A Pulumi package for creating and managing linode cloud resources.

import * as pulumi from "@pulumi/pulumi";
import * as inputs from "./types/input";
import * as outputs from "./types/output";
/**
 * Manages a Linode Firewall.
 * For more information, see the [Linode APIv4 docs](https://techdocs.akamai.com/linode-api/reference/post-firewalls).
 *
 * ## Example Usage
 *
 * Accept only inbound HTTP(s) requests and drop outbound HTTP(s) requests:
 *
 * ```typescript
 * import * as pulumi from "@pulumi/pulumi";
 * import * as linode from "@pulumi/linode";
 *
 * const myInstance = new linode.Instance("my_instance", {
 *     label: "my_instance",
 *     image: "linode/ubuntu22.04",
 *     region: "us-southeast",
 *     type: "g6-standard-1",
 *     rootPass: "bogusPassword$",
 *     swapSize: 256,
 * });
 * const myFirewall = new linode.Firewall("my_firewall", {
 *     label: "my_firewall",
 *     inbounds: [
 *         {
 *             label: "allow-http",
 *             action: "ACCEPT",
 *             protocol: "TCP",
 *             ports: "80",
 *             ipv4s: ["0.0.0.0/0"],
 *             ipv6s: ["::/0"],
 *         },
 *         {
 *             label: "allow-https",
 *             action: "ACCEPT",
 *             protocol: "TCP",
 *             ports: "443",
 *             ipv4s: ["0.0.0.0/0"],
 *             ipv6s: ["::/0"],
 *         },
 *     ],
 *     inboundPolicy: "DROP",
 *     outbounds: [
 *         {
 *             label: "reject-http",
 *             action: "DROP",
 *             protocol: "TCP",
 *             ports: "80",
 *             ipv4s: ["0.0.0.0/0"],
 *             ipv6s: ["::/0"],
 *         },
 *         {
 *             label: "reject-https",
 *             action: "DROP",
 *             protocol: "TCP",
 *             ports: "443",
 *             ipv4s: ["0.0.0.0/0"],
 *             ipv6s: ["::/0"],
 *         },
 *     ],
 *     outboundPolicy: "ACCEPT",
 *     linodes: [myInstance.id],
 * });
 * ```
 *
 * ## Import
 *
 * Firewalls can be imported using the `id`, e.g.
 *
 * ```sh
 * $ pulumi import linode:index/firewall:Firewall my_firewall 12345
 * ```
 */
export declare class Firewall extends pulumi.CustomResource {
    /**
     * Get an existing Firewall resource's state with the given name, ID, and optional extra
     * properties used to qualify the lookup.
     *
     * @param name The _unique_ name of the resulting resource.
     * @param id The _unique_ provider ID of the resource to lookup.
     * @param state Any extra arguments used during the lookup.
     * @param opts Optional settings to control the behavior of the CustomResource.
     */
    static get(name: string, id: pulumi.Input<pulumi.ID>, state?: FirewallState, opts?: pulumi.CustomResourceOptions): Firewall;
    /**
     * Returns true if the given object is an instance of Firewall.  This is designed to work even
     * when multiple copies of the Pulumi SDK have been loaded into the same process.
     */
    static isInstance(obj: any): obj is Firewall;
    /**
     * When this firewall was created
     */
    readonly created: pulumi.Output<string>;
    /**
     * The devices associated with this firewall.
     */
    readonly devices: pulumi.Output<outputs.FirewallDevice[]>;
    /**
     * If `true`, the Firewall's rules are not enforced (defaults to `false`).
     *
     * * `inbound` - (Optional) A firewall rule that specifies what inbound network traffic is allowed.
     */
    readonly disabled: pulumi.Output<boolean>;
    /**
     * The default behavior for inbound traffic.

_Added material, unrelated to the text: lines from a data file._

definition carleson :: "real \<Rightarrow> (real ^ 'n) set set \<Rightarrow> bool" where
  "carleson \<alpha> S \<longleftrightarrow> (\<forall>Q\<in>S. dyadic_cube Q) \<and>
     (\<forall>Q\<in>S. (\<Sum>\<^sub>\<infinity>P\<in>{P\<in>S. P \<subseteq> Q}. emeasure lborel P) \<le> ennreal \<alpha> * emeasure lborel Q)"

definition locally_integrable :: "(real ^ 'n \<Rightarrow> real) \<Rightarrow> bool" where
  "locally_integrable f \<longleftrightarrow> (\<forall>K. compact K \<longrightarrow> set_integrable lborel K f)"

definition Sk :: "nat \<Rightarrow> nat \<Rightarrow> (real ^ 'n) set set \<Rightarrow> (real ^ 'n \<Rightarrow> real) \<Rightarrow> (real ^ 'n) set set" where
  "Sk m k S f = {Q\<in>S. (1/56::real) ^ (m*(k+1)) < (1 / measure lborel Q) * (LINT x:Q|lborel. f x)
                     \<and> (1 / measure lborel Q) * (LINT x:Q|lborel. f x) \<le> (1/56::real) ^ (k*m)}"

definition EQ :: "(real ^ 'n) set set \<Rightarrow> (real ^ 'n) set \<Rightarrow> (real ^ 'n) set" where
  "EQ T Q = Q - \<Union>{Q'\<in>T. Q' \<subset> Q}"

end

theory Submission
  imports Defs
begin

text \<open>Let U be the cubes of S_k lying strictly inside Q, so that Q is the disjoint union of
  E_Q and \<Union>U. Every P \<in> U satisfies \<integral>_P f \<le> 56^(-km) |P|, and the Carleson condition at Q
  gives \<Sum>_{P \<in> U} |P| \<le> (\<alpha> - 1) |Q|. Since 56^(-km) |Q| \<le> 56^m \<integral>_Q f, countable
  subadditivity of the measure f dx yields \<integral>_{\<Union>U} f \<le> 56^m (\<alpha> - 1) \<integral>_Q f, and this term
  is absorbed into the left-hand side.\<close>

lemma dyadic_cube_sets_lborel:
  assumes "dyadic_cube Q"
  shows "Q \<in> sets lborel"
proof -
  obtain j k where Q: "Q = {x. \<forall>i. real_of_int (k i) * 2 powr (- real_of_int j) \<le> x $ i
                \<and> x $ i < (real_of_int (k i) + 1) * 2 powr (- real_of_int j)}"
    using assms unfolding dyadic_cube_def by blast
  show ?thesis
    unfolding Q by measurable
qed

This setting can be overridden by updating the inbound.action property of the Firewall Rule. (`ACCEPT`, `DROP`)
     *
     * * `outbound` - (Optional) A firewall rule that specifies what outbound network traffic is allowed.
     */
    readonly inboundPolicy: pulumi.Output<string>;
    /**
     * A firewall rule that specifies what inbound network traffic is allowed.
     */
    readonly inbounds: pulumi.Output<outputs.FirewallInbound[] | undefined>;
    /**
     * This Firewall's unique label.
     */
    readonly label: pulumi.Output<string>;
    /**
     * A list of IDs of Linodes this Firewall should govern network traffic for.
     */
    readonly linodes: pulumi.Output<number[]>;
    /**
     * A list of IDs of NodeBalancers this Firewall should govern network traffic for.
     */
    readonly nodebalancers: pulumi.Output<number[]>;
    /**
     * The default behavior for outbound traffic. This setting can be overridden by updating the outbound.action property for an individual Firewall Rule. (`ACCEPT`, `DROP`)
     */
    readonly outboundPolicy: pulumi.Output<string>;
    /**
     * A firewall rule that specifies what outbound network traffic is allowed.
     */
    readonly outbounds: pulumi.Output<outputs.FirewallOutbound[] | undefined>;
    /**
     * The status of the Firewall.
     */
    readonly status: pulumi.Output<string>;
    /**
     * A list of tags applied to the Kubernetes cluster. Tags are case-insensitive and are for organizational purposes only.
     */
    readonly tags: pulumi.Output<string[]>;
    /**
     * When this firewall was last updated
     */
    readonly updated: pulumi.Output<string>;
    /**
     * Create a Firewall resource with the given unique name, arguments, and options.
     *
     * @param name The _unique_ name of the resource.
     * @param args The arguments to use to populate this resource's properties.
     * @param opts A bag of options that control this resource's behavior.
     */
    constructor(name: string, args: FirewallArgs, opts?: pulumi.CustomResourceOptions);
}
/**
 * Input properties used for looking up and filtering Firewall resources.
 */
export interface FirewallState {
    /**
     * When this firewall was created
     */
    created?: pulumi.Input<string>;
    /**
     * The devices associated with this firewall.
     */
    devices?: pulumi.Input<pulumi.Input<inputs.FirewallDevice>[]>;
    /**
     * If `true`, the Firewall's rules are not enforced (defaults to `false`).
     *
     * * `inbound` - (Optional) A firewall rule that specifies what inbound network traffic is allowed.
     */
    disabled?: pulumi.Input<boolean>;
    /**
     * The default behavior for inbound traffic. This setting can be overridden by updating the inbound.action property of the Firewall Rule. (`ACCEPT`, `DROP`)
     *
     * * `outbound` - (Optional) A firewall rule that specifies what outbound network traffic is allowed.
     */
    inboundPolicy?: pulumi.Input<string>;
    /**
     * A firewall rule that specifies what inbound network traffic is allowed.
     */
    inbounds?: pulumi.Input<pulumi.Input<inputs.FirewallInbound>[]>;
    /**
     * This Firewall's unique label.
     */
    label?: pulumi.Input<string>;
    /**
     * A list of IDs of Linodes this Firewall should govern network traffic for.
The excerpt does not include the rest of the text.